(* For $n>2$, there is no non-vanishing real exterior $3$-form on $\mathbb{C}^{n+1}=\mathbb{R}^{n+1}+i\mathbb{R}^{n+1}$ (viewed as a real vector space) invariant under the action of ${\sf SO}(1,n)$.
   Context: ${\sf SO}(1,n)$ is the special orthogonal group of the Lorentz form $-x_0^2+x_1^2+\dots+x_n^2$ on $\mathbb{R}^{n+1}$, acting on $\mathbb{C}^{n+1}=\mathbb{R}^{n+1}+i\mathbb{R}^{n+1}$ diagonally by $A(x+iy)=Ax+iAy$. *)

theory Defs
  imports Complex_Main "Jordan_Normal_Form.Determinant"
begin

definition lorentz_mat :: "nat \<Rightarrow> real mat" where
  "lorentz_mat n = mat (n+1) (n+1) (\<lambda>(i,j). if i = j then (if i = 0 then -1 else 1) else 0)"

definition SO1 :: "nat \<Rightarrow> real mat set" where
  "SO1 n = {A \<in> carrier_mat (n+1) (n+1).
              transpose_mat A * lorentz_mat n * A = lorentz_mat n \<and> det A = 1}"

text \<open>Diagonal action on C^(n+1) = R^(n+1) + i R^(n+1): A(x+iy) = Ax + iAy.\<close>
definition so_act :: "real mat \<Rightarrow> complex vec \<Rightarrow> complex vec" where
  "so_act A z = map_mat complex_of_real A *\<^sub>v z"

definition real_3form :: "nat \<Rightarrow> (complex vec \<Rightarrow> complex vec \<Rightarrow> complex vec \<Rightarrow> real) \<Rightarrow> bool" where
  "real_3form n \<omega> \<longleftrightarrow>
    (let V = carrier_vec (n+1) :: complex vec set in
     (\<forall>a b :: real. \<forall>u\<in>V. \<forall>v\<in>V. \<forall>w\<in>V. \<forall>t\<in>V.
        \<omega> (of_real a \<cdot>\<^sub>v u + of_real b \<cdot>\<^sub>v v) w t = a * \<omega> u w t + b * \<omega> v w t \<and>
        \<omega> w (of_real a \<cdot>\<^sub>v u + of_real b \<cdot>\<^sub>v v) t = a * \<omega> w u t + b * \<omega> w v t \<and>
        \<omega> w t (of_real a \<cdot>\<^sub>v u + of_real b \<cdot>\<^sub>v v) = a * \<omega> w t u + b * \<omega> w t v) \<and>
     (\<forall>u\<in>V. \<forall>v\<in>V. \<omega> u u v = 0 \<and> \<omega> u v u = 0 \<and> \<omega> v u u = 0))"

definition so_invariant :: "nat \<Rightarrow> (complex vec \<Rightarrow> complex vec \<Rightarrow> complex vec \<Rightarrow> real) \<Rightarrow> bool" where
  "so_invariant n \<omega> \<longleftrightarrow>
    (\<forall>A\<in>SO1 n. \<forall>u\<in>carrier_vec (n+1). \<forall>v\<in>carrier_vec (n+1). \<forall>w\<in>carrier_vec (n+1).
       \<omega> (so_act A u) (so_act A v) (so_act A w) = \<omega> u v w)"

end

theory Submission
  imports Defs
begin

text \<open>
  Split every vector of \<open>\<complex>\<^sup>n\<^sup>+\<^sup>1\<close> into its coordinate components; by trilinearity it suffices
  to show that \<open>\<omega>\<close> vanishes on triples of components in coordinates \<open>i, j, k\<close>.
  If \<open>i = j = k\<close>, the three arguments lie in the real plane \<open>\<complex> e\<^sub>i\<close>, on which an
  alternating 3-form vanishes. Otherwise some coordinate \<open>m\<close> occurs exactly once among
  \<open>i, j, k\<close>, and since \<open>n + 1 \<ge> 4\<close> there is a coordinate \<open>l\<close> not among them; the
  diagonal matrix with entries \<open>-1\<close> at \<open>m, l\<close> and \<open>1\<close> elsewhere lies in \<open>SO(1,n)\<close> and
  multiplies the term by \<open>-1\<close>, so invariance forces it to vanish.
\<close>

definition coord_proj :: "nat \<Rightarrow> nat \<Rightarrow> complex vec \<Rightarrow> complex vec" where
  "coord_proj n i u = vec (n+1) (\<lambda>t. if t = i then u $ t else 0)"

definition coord_restrict :: "nat \<Rightarrow> nat set \<Rightarrow> complex vec \<Rightarrow> complex vec" where
  "coord_restrict n I u = vec (n+1) (\<lambda>t. if t \<in> I then u $ t else 0)"

lemma coord_proj_carrier [simp]: "coord_proj n i u \<in> carrier_vec (n+1)"
  unfolding coord_proj_def by simp

lemma additive_sum_coord_proj:
  fixes f :: "complex vec \<Rightarrow> real"
  assumes add: "\<And>x y. x \<in> carrier_vec (n+1) \<Longrightarrow> y \<in> carrier_vec (n+1) \<Longrightarrow> f (x + y) = f x + f y"
    and zero: "f (0\<^sub>v (n+1)) = 0"
    and u: "u \<in> carrier_vec (n+1)"
  shows "f u = (\<Sum>i<n+1. f (coord_proj n i u))"
proof -
  have "f (coord_restrict n I u) = (\<Sum>i\<in>I. f (coord_proj n i u))" if "finite I" for I
    using that
  proof (induction I rule: finite_induct)
    case empty
    have "coord_restrict n {} u = 0\<^sub>v (n+1)" unfolding coord_restrict_def by auto
    then show ?case using zero by simp
  next
    case (insert i I)
    have "coord_restrict n (insert i I) u = coord_proj n i u + coord_restrict n I u"
      unfolding coord_restrict_def coord_proj_def using insert.hyps by auto
    moreover have "coord_restrict n I u \<in> carrier_vec (n+1)" unfolding coord_restrict_def by simp
    ultimately show ?case
      using add[OF coord_proj_carrier, of "coord_restrict n I u" i u] insert by simp
  qed
  moreover have "coord_restrict n {..<n+1} u = u"
    using u unfolding coord_restrict_def by auto
  ultimately show ?thesis by (metis finite_lessThan)
qed

definition flip_sign :: "nat \<Rightarrow> nat \<Rightarrow> nat \<Rightarrow> real" where
  "flip_sign m l t = (if t = m \<or> t = l then -1 else 1)"

definition flip_mat :: "nat \<Rightarrow> nat \<Rightarrow> nat \<Rightarrow> real mat" where
  "flip_mat n m l = mat (n+1) (n+1) (\<lambda>(a,b). if a = b then flip_sign m l a else 0)"

lemma mult_diagonal_mats:
  "mat k k (\<lambda>(a,b). if a = b then x a else 0) * mat k k (\<lambda>(a,b). if a = b then y a else 0)
   = mat k k (\<lambda>(a,b). if a = b then x a * y a else (0::'a::semiring_0))"
  by (rule eq_matI)
     (auto simp: scalar_prod_def if_distrib[of "\<lambda>z. z * _"] cong: if_cong)

lemma det_flip_mat:
  assumes "m < n+1" "l < n+1" "m \<noteq> l"
  shows "det (flip_mat n m l) = 1"
proof -
  have "det (flip_mat n m l) = prod_list (diag_mat (flip_mat n m l))"
    by (rule det_upper_triangular) (auto simp: flip_mat_def)
  also have "\<dots> = prod_list (map (flip_sign m l) [0..<n+1])"
    unfolding diag_mat_def flip_mat_def by (rule arg_cong[of _ _ prod_list]) auto
  also have "\<dots> = prod (flip_sign m l) {0..<n+1}"
    by (metis distinct_upt prod.distinct_set_conv_list set_upt)
  also have "\<dots> = (\<Prod>t\<in>{0..<n+1}. (if t = m then -1 else 1) * (if t = l then -1 else 1))"
    using assms by (intro prod.cong) (auto simp: flip_sign_def)
  also have "\<dots> = 1" using assms by (simp add: prod.distrib prod.delta)
  finally show ?thesis .
qed

lemma flip_mat_SO1:
  assumes "m < n+1" "l < n+1" "m \<noteq> l"
  shows "flip_mat n m l \<in> SO1 n"
proof -
  have tr: "transpose_mat (flip_mat n m l) = flip_mat n m l" unfolding flip_mat_def by auto
  have L: "lorentz_mat n = mat (n+1) (n+1) (\<lambda>(a,b). if a = b then (if a = 0 then -1 else 1) else 0)"
    unfolding lorentz_mat_def by (rule cong[of "mat (n+1) (n+1)"]) auto
  have "transpose_mat (flip_mat n m l) * lorentz_mat n * flip_mat n m l = lorentz_mat n"
    unfolding tr L unfolding flip_mat_def mult_diagonal_mats
    by (rule cong[of "mat (n+1) (n+1)"]) (auto simp: flip_sign_def)
  then show ?thesis
    using det_flip_mat[OF assms] unfolding SO1_def by (auto simp: flip_mat_def)
qed

lemma so_act_flip_mat_coord_proj:
  "so_act (flip_mat n m l) (coord_proj n i u) = of_real (flip_sign m l i) \<cdot>\<^sub>v coord_proj n i u"
proof (rule eq_vecI)
  fix t assume "t < dim_vec (of_real (flip_sign m l i) \<cdot>\<^sub>v coord_proj n i u)"
  then have t: "t < n+1" by (simp add: coord_proj_def)
  have "so_act (flip_mat n m l) (coord_proj n i u) $ t
      = (\<Sum>q\<in>{0..<n+1}. of_real (if t = q then flip_sign m l t else 0) * (if q = i then u $ q else 0))"
    using t unfolding so_act_def flip_mat_def coord_proj_def
    by (simp add: scalar_prod_def del: sum.atLeast0_lessThan_Suc)
  also have "\<dots> = (\<Sum>q\<in>{0..<n+1}. if q = i then of_real (if t = i then flip_sign m l t else 0) * u $ i else 0)"
    by (rule sum.cong) auto
  also have "\<dots> = (if i \<in> {0..<n+1} then of_real (if t = i then flip_sign m l t else 0) * u $ i else 0)"
    by (rule sum.delta) simp
  also have "\<dots> = (of_real (flip_sign m l i) \<cdot>\<^sub>v coord_proj n i u) $ t"
    using t by (auto simp: coord_proj_def)
  finally show "so_act (flip_mat n m l) (coord_proj n i u) $ t
      = (of_real (flip_sign m l i) \<cdot>\<^sub>v coord_proj n i u) $ t" .
qed (simp add: so_act_def flip_mat_def coord_proj_def)

context
  fixes n :: nat and \<omega> :: "complex vec \<Rightarrow> complex vec \<Rightarrow> complex vec \<Rightarrow> real"
  assumes form: "real_3form n \<omega>"
begin

lemma form_linear:
  assumes "u \<in> carrier_vec (n+1)" "v \<in> carrier_vec (n+1)" "w \<in> carrier_vec (n+1)" "t \<in> carrier_vec (n+1)"
  shows form_linear1: "\<omega> (of_real a \<cdot>\<^sub>v u + of_real b \<cdot>\<^sub>v v) w t = a * \<omega> u w t + b * \<omega> v w t"
    and form_linear2: "\<omega> w (of_real a \<cdot>\<^sub>v u + of_real b \<cdot>\<^sub>v v) t = a * \<omega> w u t + b * \<omega> w v t"
    and form_linear3: "\<omega> w t (of_real a \<cdot>\<^sub>v u + of_real b \<cdot>\<^sub>v v) = a * \<omega> w t u + b * \<omega> w t v"
  using form assms unfolding real_3form_def Let_def by blast+

lemma form_alternating:
  assumes "u \<in> carrier_vec (n+1)" "v \<in> carrier_vec (n+1)"
  shows "\<omega> u u v = 0" "\<omega> u v u = 0" "\<omega> v u u = 0"
  using form assms unfolding real_3form_def Let_def by blast+

lemma form_scale:
  assumes "x \<in> carrier_vec (n+1)" "y \<in> carrier_vec (n+1)" "z \<in> carrier_vec (n+1)"
  shows form_scale1: "\<omega> (of_real a \<cdot>\<^sub>v x) y z = a * \<omega> x y z"
    and form_scale2: "\<omega> y (of_real a \<cdot>\<^sub>v x) z = a * \<omega> y x z"
    and form_scale3: "\<omega> y z (of_real a \<cdot>\<^sub>v x) = a * \<omega> y z x"
proof -
  have "of_real a \<cdot>\<^sub>v x + of_real 0 \<cdot>\<^sub>v x = of_real a \<cdot>\<^sub>v x" using assms(1) by auto
  then show "\<omega> (of_real a \<cdot>\<^sub>v x) y z = a * \<omega> x y z" "\<omega> y (of_real a \<cdot>\<^sub>v x) z = a * \<omega> y x z"
    "\<omega> y z (of_real a \<cdot>\<^sub>v x) = a * \<omega> y z x"
    using form_linear[OF assms(1,1,2,3), of a 0] by simp_all
qed

lemma form_add:
  assumes "x \<in> carrier_vec (n+1)" "x' \<in> carrier_vec (n+1)" "y \<in> carrier_vec (n+1)" "z \<in> carrier_vec (n+1)"
  shows form_add1: "\<omega> (x + x') y z = \<omega> x y z + \<omega> x' y z"
    and form_add2: "\<omega> y (x + x') z = \<omega> y x z + \<omega> y x' z"
    and form_add3: "\<omega> y z (x + x') = \<omega> y z x + \<omega> y z x'"
  using form_linear[OF assms, of 1 1] assms(1,2) by auto

lemma form_zero:
  assumes "y \<in> carrier_vec (n+1)" "z \<in> carrier_vec (n+1)"
  shows form_zero1: "\<omega> (0\<^sub>v (n+1)) y z = 0"
    and form_zero2: "\<omega> y (0\<^sub>v (n+1)) z = 0"
    and form_zero3: "\<omega> y z (0\<^sub>v (n+1)) = 0"
proof -
  have "of_real 0 \<cdot>\<^sub>v 0\<^sub>v (n+1) = (0\<^sub>v (n+1) :: complex vec)" by auto
  then show "\<omega> (0\<^sub>v (n+1)) y z = 0" "\<omega> y (0\<^sub>v (n+1)) z = 0" "\<omega> y z (0\<^sub>v (n+1)) = 0"
    using form_scale[OF zero_carrier_vec assms, of 0] by (metis mult_zero_left)+
qed

lemma form_expand_coords:
  assumes u: "u \<in> carrier_vec (n+1)" and v: "v \<in> carrier_vec (n+1)" and w: "w \<in> carrier_vec (n+1)"
  shows "\<omega> u v w
    = (\<Sum>i<n+1. \<Sum>j<n+1. \<Sum>k<n+1. \<omega> (coord_proj n i u) (coord_proj n j v) (coord_proj n k w))"
proof -
  have "\<omega> u v w = (\<Sum>i<n+1. \<omega> (coord_proj n i u) v w)"
    by (rule additive_sum_coord_proj[OF form_add1[OF _ _ v w] form_zero1[OF v w] u])
  also have "\<dots> = (\<Sum>i<n+1. \<Sum>j<n+1. \<omega> (coord_proj n i u) (coord_proj n j v) w)"
    by (intro sum.cong refl additive_sum_coord_proj[OF
          form_add2[OF _ _ coord_proj_carrier w] form_zero2[OF coord_proj_carrier w] v])
  also have "\<dots> = (\<Sum>i<n+1. \<Sum>j<n+1. \<Sum>k<n+1. \<omega> (coord_proj n i u) (coord_proj n j v) (coord_proj n k w))"
    by (intro sum.cong refl additive_sum_coord_proj[OF
          form_add3[OF _ _ coord_proj_carrier coord_proj_carrier]
          form_zero3[OF coord_proj_carrier coord_proj_carrier] w])
  finally show ?thesis .
qed

lemma form_vanishes_on_plane:
  assumes x: "x \<in> carrier_vec (n+1)" and y: "y \<in> carrier_vec (n+1)"
  shows "\<omega> (of_real a1 \<cdot>\<^sub>v x + of_real b1 \<cdot>\<^sub>v y) (of_real a2 \<cdot>\<^sub>v x + of_real b2 \<cdot>\<^sub>v y)
     (of_real a3 \<cdot>\<^sub>v x + of_real b3 \<cdot>\<^sub>v y) = 0"
  using x y form_alternating[OF x y] form_alternating[OF y x]
        form_alternating[OF x x] form_alternating[OF y y]
  by (simp add: form_linear1 form_linear2 form_linear3 del: of_real_minus of_real_1 of_real_0)

lemma form_coord_same:
  assumes i: "i < n+1"
  shows "\<omega> (coord_proj n i u) (coord_proj n i v) (coord_proj n i w) = 0"
proof -
  define e :: "complex vec" where "e = unit_vec (n+1) i"
  have "coord_proj n i z = of_real (Re (z $ i)) \<cdot>\<^sub>v e + of_real (Im (z $ i)) \<cdot>\<^sub>v (\<i> \<cdot>\<^sub>v e)" for z
    unfolding coord_proj_def e_def using i by (auto simp: complex_eq_iff)
  then show ?thesis
    by (simp only:) (rule form_vanishes_on_plane, auto simp: e_def)
qed

lemma form_coord_odd_flip:
  assumes inv: "so_invariant n \<omega>" and ml: "m < n+1" "l < n+1" "m \<noteq> l"
    and odd: "flip_sign m l i * flip_sign m l j * flip_sign m l k = -1"
  shows "\<omega> (coord_proj n i u) (coord_proj n j v) (coord_proj n k w) = 0"
proof -
  let ?D = "flip_mat n m l"
  have "\<omega> (coord_proj n i u) (coord_proj n j v) (coord_proj n k w)
      = \<omega> (so_act ?D (coord_proj n i u)) (so_act ?D (coord_proj n j v)) (so_act ?D (coord_proj n k w))"
    using inv flip_mat_SO1[OF ml] unfolding so_invariant_def by (metis coord_proj_carrier)
  also have "\<dots> = flip_sign m l k * (flip_sign m l j * (flip_sign m l i *
      \<omega> (coord_proj n i u) (coord_proj n j v) (coord_proj n k w)))"
    unfolding so_act_flip_mat_coord_proj
    by (simp only: form_scale1 form_scale2 form_scale3 coord_proj_carrier smult_carrier_vec)
  also have "\<dots> = - \<omega> (coord_proj n i u) (coord_proj n j v) (coord_proj n k w)"
    using odd by (metis mult.assoc mult.commute mult_minus1)
  finally show ?thesis by simp
qed

lemma form_coord_vanish:
  assumes inv: "so_invariant n \<omega>" and n: "n > 2" and ijk: "i < n+1" "j < n+1" "k < n+1"
  shows "\<omega> (coord_proj n i u) (coord_proj n j v) (coord_proj n k w) = 0"
proof (cases "i = j \<and> j = k")
  case True
  then show ?thesis using form_coord_same[OF ijk(1)] by simp
next
  case False
  have "card {i,j,k} \<le> 3" by (simp add: card_insert_le_m1)
  then have "card {i,j,k} < card {..<n+1}" using n by simp
  then obtain l where l: "l < n+1" "l \<notin> {i,j,k}"
    by (metis card_mono finite_insert finite.emptyI not_le subsetI lessThan_iff)
  consider "i \<noteq> j" "i \<noteq> k" | "j \<noteq> i" "j \<noteq> k" | "k \<noteq> i" "k \<noteq> j"
    using False by blast
  then have "\<exists>m\<in>{i,j,k}. flip_sign m l i * flip_sign m l j * flip_sign m l k = -1"
  proof cases
    case 1 then show ?thesis using l(2) by (intro bexI[of _ i]) (auto simp: flip_sign_def)
  next
    case 2 then show ?thesis using l(2) by (intro bexI[of _ j]) (auto simp: flip_sign_def)
  next
    case 3 then show ?thesis using l(2) by (intro bexI[of _ k]) (auto simp: flip_sign_def)
  qed
  then show ?thesis
    using form_coord_odd_flip[OF inv _ l(1)] ijk l(2) by blast
qed

end

theorem fact2p2:
  fixes n :: nat and \<omega> :: "complex vec \<Rightarrow> complex vec \<Rightarrow> complex vec \<Rightarrow> real"
  assumes "n > 2"
    and "real_3form n \<omega>"
    and "so_invariant n \<omega>"
  shows "\<forall>u\<in>carrier_vec (n+1). \<forall>v\<in>carrier_vec (n+1). \<forall>w\<in>carrier_vec (n+1). \<omega> u v w = 0"
  using form_expand_coords[OF assms(2)] form_coord_vanish[OF assms(2,3,1)] by simp

end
....
Only one part of the material above is to be transcribed, namely the lines starting with the line that has "fix t assume" and going on through the line that has "by (simp add: scalar_prod_def", exactly as they stand.

Answer section –
  fix t assume "t < dim_vec (of_real (flip_sign m l i) \<cdot>\<^sub>v coord_proj n i u)"
  then have t: "t < n+1" by (simp add: coord_proj_def)
  have "so_act (flip_mat n m l) (coord_proj n i u) $ t
      = (\<Sum>q\<in>{0..<n+1}. of_real (if t = q then flip_sign m l t else 0) * (if q = i then u $ q else 0))"
    using t unfolding so_act_def flip_mat_def coord_proj_def
    by (simp add: scalar_prod_def del: sum.atLeast0_lessThan_Suc)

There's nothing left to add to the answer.